((

(* Let $X(\mathbb{R}^n)$ be a Banach function space with absolutely continuous norm. Then $X(\mathbb{R}^n)$ has the bounded $L^2$-approximation property.
   Context: Banach function spaces: let $\mathfrak{M}^+(\mathbb{R}^n)$ be the set of measurable functions with values in $[0,\infty]$. A Banach function norm $\rho:\mathfrak{M}^+\to[0,\infty]$ satisfies, for all $f,g,f_j\in\mathfrak{M}^+$, $a\ge0$, measurable $E$: (A1) $\rho(f)=0\iff f=0$ a.e., $\rho(af)=a\rho(f)$, $\rho(f+g)\le\rho(f)+\rho(g)$; (A2) $0\le g\le f$ a.e. implies $\rho(g)\le\rho(f)$; (A3) $0\le f_j\uparrow f$ a.e. implies $\rho(f_j)\uparrow\rho(f)$; (A4) $|E|<\infty$ implies $\rho(\chi_E)<\infty$; (A5) $|E|<\infty$ implies $\int_Ef\le C_E\rho(f)$ with $C_E$ independent of $f$. $X(\mathbb{R}^n)$ is the set of measurable complex $f$ with $\rho(|f|)<\infty$, $\|f\|_X=\rho(|f|)$. $X$ has absolutely continuous norm if for every $f\in X$ and every sequence of measurable sets $E_j$ with $\chi_{E_j}\to0$ a.e., $\|f\chi_{E_j}\|_X\to0$. Bounded $L^2$-approximation property: for every $u\in L^2(\mathbb{R}^n)\cap X(\mathbb{R}^n)$ there is a sequence $u_j\in C_0^\infty(\mathbb{R}^n)$ with $\|u-u_j\|_{L^2(\mathbb{R}^n)}\to0$ and $\limsup_j\|u_j\|_X\le\|u\|_X$. *)

theory Defs
  imports "HOL-Analysis.Analysis" "HOL-Library.Liminf_Limsup"
begin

))

● **TASK**
Only the lines from the one containing "Context: Banach function" through the end of the listing should be copied, and they should be copied exactly.

● **RESULT OF THIS EXERCISE**
   Context: Banach function spaces: let $\mathfrak{M}^+(\mathbb{R}^n)$ be the set of measurable functions with values in $[0,\infty]$. A Banach function norm $\rho:\mathfrak{M}^+\to[0,\infty]$ satisfies, for all $f,g,f_j\in\mathfrak{M}^+$, $a\ge0$, measurable $E$: (A1) $\rho(f)=0\iff f=0$ a.e., $\rho(af)=a\rho(f)$, $\rho(f+g)\le\rho(f)+\rho(g)$; (A2) $0\le g\le f$ a.e. implies $\rho(g)\le\rho(f)$; (A3) $0\le f_j\uparrow f$ a.e. implies $\rho(f_j)\uparrow\rho(f)$; (A4) $|E|<\infty$ implies $\rho(\chi_E)<\infty$; (A5) $|E|<\infty$ implies $\int_Ef\le C_E\rho(f)$ with $C_E$ independent of $f$. $X(\mathbb{R}^n)$ is the set of measurable complex $f$ with $\rho(|f|)<\infty$, $\|f\|_X=\rho(|f|)$. $X$ has absolutely continuous norm if for every $f\in X$ and every sequence of measurable sets $E_j$ with $\chi_{E_j}\to0$ a.e., $\|f\chi_{E_j}\|_X\to0$. Bounded $L^2$-approximation property: for every $u\in L^2(\mathbb{R}^n)\cap X(\mathbb{R}^n)$ there is a sequence $u_j\in C_0^\infty(\mathbb{R}^n)$ with $\|u-u_j\|_{L^2(\mathbb{R}^n)}\to0$ and $\limsup_j\|u_j\|_X\le\|u\|_X$. *)

theory Defs
  imports "HOL-Analysis.Analysis" "HOL-Library.Liminf_Limsup"
begin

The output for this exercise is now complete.